[Saved entries]
##############################

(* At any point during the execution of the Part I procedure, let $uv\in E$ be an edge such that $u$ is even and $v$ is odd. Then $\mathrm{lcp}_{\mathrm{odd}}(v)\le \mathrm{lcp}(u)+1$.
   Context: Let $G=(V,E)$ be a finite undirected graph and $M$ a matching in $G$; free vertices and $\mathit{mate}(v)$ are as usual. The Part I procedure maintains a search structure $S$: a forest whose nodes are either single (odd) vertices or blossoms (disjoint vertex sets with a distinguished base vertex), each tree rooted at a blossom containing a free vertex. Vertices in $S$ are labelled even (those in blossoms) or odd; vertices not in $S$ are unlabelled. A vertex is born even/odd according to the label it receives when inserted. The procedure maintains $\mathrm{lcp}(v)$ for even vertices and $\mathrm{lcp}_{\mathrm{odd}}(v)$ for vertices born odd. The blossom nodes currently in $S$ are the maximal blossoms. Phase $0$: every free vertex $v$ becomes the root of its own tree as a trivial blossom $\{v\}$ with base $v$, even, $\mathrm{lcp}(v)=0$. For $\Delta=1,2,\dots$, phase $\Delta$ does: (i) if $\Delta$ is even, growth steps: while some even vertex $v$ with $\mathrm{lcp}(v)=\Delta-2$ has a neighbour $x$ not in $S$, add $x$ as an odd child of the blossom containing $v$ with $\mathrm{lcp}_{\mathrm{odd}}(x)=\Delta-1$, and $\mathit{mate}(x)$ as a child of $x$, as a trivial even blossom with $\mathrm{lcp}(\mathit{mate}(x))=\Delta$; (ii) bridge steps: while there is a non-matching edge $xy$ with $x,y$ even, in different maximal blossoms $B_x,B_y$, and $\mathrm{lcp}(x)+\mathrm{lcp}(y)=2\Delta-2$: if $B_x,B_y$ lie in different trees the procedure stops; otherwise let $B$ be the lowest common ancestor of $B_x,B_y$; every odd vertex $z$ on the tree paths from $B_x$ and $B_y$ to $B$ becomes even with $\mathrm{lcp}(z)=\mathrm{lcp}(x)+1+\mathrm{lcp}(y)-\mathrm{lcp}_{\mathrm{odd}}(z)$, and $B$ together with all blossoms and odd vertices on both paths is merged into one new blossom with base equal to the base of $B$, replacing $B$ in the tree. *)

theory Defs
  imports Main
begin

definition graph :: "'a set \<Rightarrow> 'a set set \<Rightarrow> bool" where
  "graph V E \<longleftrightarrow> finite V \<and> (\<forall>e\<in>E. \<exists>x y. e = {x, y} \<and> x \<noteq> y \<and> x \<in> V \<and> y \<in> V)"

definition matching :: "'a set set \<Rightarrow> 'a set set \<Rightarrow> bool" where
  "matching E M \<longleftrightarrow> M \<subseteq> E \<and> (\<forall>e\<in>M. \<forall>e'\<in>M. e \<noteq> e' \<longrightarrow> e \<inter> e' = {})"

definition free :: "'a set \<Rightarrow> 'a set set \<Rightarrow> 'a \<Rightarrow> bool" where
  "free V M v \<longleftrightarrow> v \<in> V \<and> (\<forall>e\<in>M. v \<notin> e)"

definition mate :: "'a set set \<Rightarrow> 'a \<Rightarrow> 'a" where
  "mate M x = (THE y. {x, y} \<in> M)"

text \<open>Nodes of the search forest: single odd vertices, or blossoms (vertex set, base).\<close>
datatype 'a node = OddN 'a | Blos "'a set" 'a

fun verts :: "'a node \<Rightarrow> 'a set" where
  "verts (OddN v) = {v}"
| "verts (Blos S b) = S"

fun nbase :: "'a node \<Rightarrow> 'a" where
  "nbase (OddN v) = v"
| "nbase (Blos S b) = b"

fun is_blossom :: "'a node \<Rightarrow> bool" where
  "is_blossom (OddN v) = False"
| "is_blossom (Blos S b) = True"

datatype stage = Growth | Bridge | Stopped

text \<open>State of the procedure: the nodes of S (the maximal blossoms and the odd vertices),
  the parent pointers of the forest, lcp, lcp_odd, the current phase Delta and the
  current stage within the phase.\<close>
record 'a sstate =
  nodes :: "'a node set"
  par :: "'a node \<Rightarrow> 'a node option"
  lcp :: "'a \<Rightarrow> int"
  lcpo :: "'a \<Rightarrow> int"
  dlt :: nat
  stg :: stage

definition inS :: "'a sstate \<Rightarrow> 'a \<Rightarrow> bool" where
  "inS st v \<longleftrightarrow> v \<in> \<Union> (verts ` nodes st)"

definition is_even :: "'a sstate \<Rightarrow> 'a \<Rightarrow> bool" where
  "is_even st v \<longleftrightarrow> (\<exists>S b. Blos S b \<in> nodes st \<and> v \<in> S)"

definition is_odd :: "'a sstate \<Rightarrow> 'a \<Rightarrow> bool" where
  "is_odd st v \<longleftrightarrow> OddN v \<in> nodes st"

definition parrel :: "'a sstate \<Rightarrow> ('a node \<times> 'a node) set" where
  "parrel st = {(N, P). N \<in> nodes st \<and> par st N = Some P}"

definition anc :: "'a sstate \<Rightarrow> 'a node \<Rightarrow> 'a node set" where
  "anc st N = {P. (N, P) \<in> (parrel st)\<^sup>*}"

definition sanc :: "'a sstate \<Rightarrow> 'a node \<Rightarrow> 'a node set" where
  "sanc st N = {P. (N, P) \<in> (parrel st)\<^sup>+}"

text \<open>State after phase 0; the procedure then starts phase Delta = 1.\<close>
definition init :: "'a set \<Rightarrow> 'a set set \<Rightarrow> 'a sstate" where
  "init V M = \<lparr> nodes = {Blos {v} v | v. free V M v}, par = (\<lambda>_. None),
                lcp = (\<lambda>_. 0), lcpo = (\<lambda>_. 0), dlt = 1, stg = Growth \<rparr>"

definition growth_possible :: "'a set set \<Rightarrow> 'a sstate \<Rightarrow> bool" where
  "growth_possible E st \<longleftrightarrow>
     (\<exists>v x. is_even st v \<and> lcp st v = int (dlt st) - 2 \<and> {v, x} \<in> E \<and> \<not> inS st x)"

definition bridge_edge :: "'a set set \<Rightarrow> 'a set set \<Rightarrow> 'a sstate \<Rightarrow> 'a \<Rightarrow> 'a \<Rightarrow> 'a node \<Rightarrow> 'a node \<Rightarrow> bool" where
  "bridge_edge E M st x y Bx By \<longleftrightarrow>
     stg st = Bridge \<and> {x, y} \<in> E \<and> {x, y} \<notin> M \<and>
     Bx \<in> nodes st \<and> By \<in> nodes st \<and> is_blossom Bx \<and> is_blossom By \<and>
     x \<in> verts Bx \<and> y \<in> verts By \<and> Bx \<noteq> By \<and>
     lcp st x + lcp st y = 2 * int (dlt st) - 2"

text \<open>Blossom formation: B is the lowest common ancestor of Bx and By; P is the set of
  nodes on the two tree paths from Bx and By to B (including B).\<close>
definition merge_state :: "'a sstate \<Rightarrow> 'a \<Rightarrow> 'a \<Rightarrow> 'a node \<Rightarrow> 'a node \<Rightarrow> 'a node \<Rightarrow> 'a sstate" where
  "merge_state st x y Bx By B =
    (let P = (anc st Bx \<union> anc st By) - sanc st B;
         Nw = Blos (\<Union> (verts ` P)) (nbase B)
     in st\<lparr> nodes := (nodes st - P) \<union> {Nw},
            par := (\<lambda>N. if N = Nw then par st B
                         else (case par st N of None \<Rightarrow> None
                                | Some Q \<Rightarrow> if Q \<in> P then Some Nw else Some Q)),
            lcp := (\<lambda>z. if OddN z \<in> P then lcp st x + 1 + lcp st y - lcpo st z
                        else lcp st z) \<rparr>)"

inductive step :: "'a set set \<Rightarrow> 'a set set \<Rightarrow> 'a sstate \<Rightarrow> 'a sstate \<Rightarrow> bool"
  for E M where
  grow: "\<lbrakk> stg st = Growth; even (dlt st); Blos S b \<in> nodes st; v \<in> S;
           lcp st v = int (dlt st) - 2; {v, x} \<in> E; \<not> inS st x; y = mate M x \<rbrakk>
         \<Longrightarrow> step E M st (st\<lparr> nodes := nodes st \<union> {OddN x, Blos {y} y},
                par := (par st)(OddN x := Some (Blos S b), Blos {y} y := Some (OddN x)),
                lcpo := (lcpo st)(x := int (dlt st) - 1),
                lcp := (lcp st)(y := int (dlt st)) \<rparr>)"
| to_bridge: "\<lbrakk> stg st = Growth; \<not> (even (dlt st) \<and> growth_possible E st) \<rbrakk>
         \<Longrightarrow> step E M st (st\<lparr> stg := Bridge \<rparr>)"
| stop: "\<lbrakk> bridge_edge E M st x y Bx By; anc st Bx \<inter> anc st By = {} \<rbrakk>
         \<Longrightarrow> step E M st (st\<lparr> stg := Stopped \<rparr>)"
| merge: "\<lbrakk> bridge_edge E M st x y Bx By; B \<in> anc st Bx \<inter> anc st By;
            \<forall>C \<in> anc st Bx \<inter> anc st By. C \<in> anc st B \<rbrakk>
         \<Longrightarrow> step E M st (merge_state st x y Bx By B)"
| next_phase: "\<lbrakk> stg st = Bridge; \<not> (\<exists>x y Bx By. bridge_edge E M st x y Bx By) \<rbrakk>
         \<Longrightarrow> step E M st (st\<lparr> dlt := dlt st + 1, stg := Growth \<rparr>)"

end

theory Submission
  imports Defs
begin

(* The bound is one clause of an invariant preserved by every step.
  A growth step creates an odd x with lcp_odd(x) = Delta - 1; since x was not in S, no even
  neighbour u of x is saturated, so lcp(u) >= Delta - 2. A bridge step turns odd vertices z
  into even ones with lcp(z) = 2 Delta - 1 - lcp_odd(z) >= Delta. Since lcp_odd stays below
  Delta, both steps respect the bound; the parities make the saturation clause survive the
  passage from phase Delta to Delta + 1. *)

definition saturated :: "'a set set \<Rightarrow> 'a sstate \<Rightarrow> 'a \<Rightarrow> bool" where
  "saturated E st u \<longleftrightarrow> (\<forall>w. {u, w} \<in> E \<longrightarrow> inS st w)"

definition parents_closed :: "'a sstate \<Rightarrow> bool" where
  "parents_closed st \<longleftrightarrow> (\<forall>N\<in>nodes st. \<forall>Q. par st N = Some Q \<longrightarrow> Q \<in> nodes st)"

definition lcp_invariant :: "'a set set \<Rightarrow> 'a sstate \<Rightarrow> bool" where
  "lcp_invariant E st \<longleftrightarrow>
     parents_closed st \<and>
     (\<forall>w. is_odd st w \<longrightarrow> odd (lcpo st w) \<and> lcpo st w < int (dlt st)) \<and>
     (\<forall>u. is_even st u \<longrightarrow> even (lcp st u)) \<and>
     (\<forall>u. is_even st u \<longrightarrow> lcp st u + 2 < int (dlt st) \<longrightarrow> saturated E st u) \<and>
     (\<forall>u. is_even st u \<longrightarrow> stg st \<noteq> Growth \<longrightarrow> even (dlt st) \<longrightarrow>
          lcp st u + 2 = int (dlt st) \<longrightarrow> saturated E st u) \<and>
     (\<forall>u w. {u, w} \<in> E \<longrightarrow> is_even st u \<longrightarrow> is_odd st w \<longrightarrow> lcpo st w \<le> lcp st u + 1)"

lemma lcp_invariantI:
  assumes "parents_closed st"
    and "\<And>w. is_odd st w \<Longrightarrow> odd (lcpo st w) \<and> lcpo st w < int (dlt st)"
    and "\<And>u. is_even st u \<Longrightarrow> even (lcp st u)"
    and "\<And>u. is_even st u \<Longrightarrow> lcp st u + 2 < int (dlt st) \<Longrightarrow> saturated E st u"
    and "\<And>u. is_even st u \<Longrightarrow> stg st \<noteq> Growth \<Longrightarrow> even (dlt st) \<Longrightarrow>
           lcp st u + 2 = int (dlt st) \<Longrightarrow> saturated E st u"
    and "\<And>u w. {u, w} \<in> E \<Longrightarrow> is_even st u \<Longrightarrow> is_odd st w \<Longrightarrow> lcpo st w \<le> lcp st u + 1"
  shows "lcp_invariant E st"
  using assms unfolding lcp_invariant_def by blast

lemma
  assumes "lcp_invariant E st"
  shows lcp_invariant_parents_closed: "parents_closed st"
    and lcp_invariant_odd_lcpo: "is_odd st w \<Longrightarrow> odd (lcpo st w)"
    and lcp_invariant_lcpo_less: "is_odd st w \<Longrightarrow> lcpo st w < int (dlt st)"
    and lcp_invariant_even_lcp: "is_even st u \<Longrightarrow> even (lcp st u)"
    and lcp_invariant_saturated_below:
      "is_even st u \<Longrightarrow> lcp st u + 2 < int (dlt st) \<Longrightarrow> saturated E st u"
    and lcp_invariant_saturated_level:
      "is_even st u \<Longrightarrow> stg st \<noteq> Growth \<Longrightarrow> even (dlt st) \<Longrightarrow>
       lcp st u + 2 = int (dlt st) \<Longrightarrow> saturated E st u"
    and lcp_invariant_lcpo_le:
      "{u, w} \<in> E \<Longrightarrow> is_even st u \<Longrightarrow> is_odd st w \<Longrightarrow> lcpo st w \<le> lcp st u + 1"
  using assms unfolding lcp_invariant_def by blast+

##############################

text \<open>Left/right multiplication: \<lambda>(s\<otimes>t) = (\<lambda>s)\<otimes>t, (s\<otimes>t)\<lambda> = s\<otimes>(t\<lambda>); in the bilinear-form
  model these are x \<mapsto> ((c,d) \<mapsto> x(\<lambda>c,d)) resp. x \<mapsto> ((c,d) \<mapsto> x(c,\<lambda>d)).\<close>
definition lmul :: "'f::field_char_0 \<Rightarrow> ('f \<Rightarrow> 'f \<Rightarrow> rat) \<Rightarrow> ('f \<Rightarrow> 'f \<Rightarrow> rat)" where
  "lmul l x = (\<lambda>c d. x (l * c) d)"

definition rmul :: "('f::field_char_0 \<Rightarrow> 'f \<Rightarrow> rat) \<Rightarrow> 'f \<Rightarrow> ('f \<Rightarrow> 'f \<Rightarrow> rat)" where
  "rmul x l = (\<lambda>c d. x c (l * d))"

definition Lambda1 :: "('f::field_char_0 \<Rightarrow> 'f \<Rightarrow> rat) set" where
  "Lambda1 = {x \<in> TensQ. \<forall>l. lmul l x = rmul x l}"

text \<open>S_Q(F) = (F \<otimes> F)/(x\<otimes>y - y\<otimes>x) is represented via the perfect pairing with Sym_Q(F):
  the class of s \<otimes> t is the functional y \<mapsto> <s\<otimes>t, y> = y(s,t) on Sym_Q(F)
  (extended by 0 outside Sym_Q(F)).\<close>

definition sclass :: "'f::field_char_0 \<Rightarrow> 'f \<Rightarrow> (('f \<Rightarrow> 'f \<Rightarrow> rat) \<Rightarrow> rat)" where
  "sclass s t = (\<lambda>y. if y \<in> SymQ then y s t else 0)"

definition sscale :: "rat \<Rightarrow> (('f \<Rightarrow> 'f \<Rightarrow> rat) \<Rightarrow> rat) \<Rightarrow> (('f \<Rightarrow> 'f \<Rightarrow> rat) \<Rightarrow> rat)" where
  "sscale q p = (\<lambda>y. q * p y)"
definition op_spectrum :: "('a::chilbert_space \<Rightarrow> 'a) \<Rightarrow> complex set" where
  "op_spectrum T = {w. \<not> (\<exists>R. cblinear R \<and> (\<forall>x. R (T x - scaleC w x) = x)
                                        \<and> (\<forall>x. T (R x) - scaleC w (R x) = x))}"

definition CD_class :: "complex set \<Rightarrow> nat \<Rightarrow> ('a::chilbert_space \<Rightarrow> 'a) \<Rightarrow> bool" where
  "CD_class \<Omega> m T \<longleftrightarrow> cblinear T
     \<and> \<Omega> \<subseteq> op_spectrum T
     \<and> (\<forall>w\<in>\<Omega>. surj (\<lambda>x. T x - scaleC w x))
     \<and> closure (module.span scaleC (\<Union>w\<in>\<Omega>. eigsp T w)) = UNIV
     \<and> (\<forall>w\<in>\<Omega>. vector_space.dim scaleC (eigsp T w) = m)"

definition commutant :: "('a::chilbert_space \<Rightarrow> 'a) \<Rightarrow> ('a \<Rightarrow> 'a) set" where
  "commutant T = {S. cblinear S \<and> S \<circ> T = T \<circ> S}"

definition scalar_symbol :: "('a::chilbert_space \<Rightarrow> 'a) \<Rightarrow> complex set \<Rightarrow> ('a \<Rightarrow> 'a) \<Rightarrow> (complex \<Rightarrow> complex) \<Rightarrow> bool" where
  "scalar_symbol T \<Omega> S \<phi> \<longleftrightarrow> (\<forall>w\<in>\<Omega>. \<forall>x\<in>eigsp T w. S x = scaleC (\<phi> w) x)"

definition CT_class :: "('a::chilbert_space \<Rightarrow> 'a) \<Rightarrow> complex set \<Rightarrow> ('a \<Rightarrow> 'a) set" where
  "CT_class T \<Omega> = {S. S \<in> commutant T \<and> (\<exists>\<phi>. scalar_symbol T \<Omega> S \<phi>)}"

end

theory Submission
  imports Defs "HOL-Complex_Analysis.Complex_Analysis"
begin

##############################

**Problem to solve**. Write out exactly the lines above between the line with "Bx By) \<rbrakk>" and the line with "(\<forall>u. is_even st u \<longrightarrow> lcp", inclusive, and nothing beyond them.

**Answer box**.
| next_phase: "\<lbrakk> stg st = Bridge; \<not> (\<exists>x y Bx By. bridge_edge E M st x y Bx By) \<rbrakk>
         \<Longrightarrow> step E M st (st\<lparr> dlt := dlt st + 1, stg := Growth \<rparr>)"

end

theory Submission
  imports Defs
begin

(* The bound is one clause of an invariant preserved by every step.
  A growth step creates an odd x with lcp_odd(x) = Delta - 1; since x was not in S, no even
  neighbour u of x is saturated, so lcp(u) >= Delta - 2. A bridge step turns odd vertices z
  into even ones with lcp(z) = 2 Delta - 1 - lcp_odd(z) >= Delta. Since lcp_odd stays below
  Delta, both steps respect the bound; the parities make the saturation clause survive the
  passage from phase Delta to Delta + 1. *)

definition saturated :: "'a set set \<Rightarrow> 'a sstate \<Rightarrow> 'a \<Rightarrow> bool" where
  "saturated E st u \<longleftrightarrow> (\<forall>w. {u, w} \<in> E \<longrightarrow> inS st w)"

definition parents_closed :: "'a sstate \<Rightarrow> bool" where
  "parents_closed st \<longleftrightarrow> (\<forall>N\<in>nodes st. \<forall>Q. par st N = Some Q \<longrightarrow> Q \<in> nodes st)"

definition lcp_invariant :: "'a set set \<Rightarrow> 'a sstate \<Rightarrow> bool" where
  "lcp_invariant E st \<longleftrightarrow>
     parents_closed st \<and>
     (\<forall>w. is_odd st w \<longrightarrow> odd (lcpo st w) \<and> lcpo st w < int (dlt st)) \<and>
     (\<forall>u. is_even st u \<longrightarrow> even (lcp st u)) \<and>
     (\<forall>u. is_even st u \<longrightarrow> lcp st u + 2 < int (dlt st) \<longrightarrow> saturated E st u) \<and>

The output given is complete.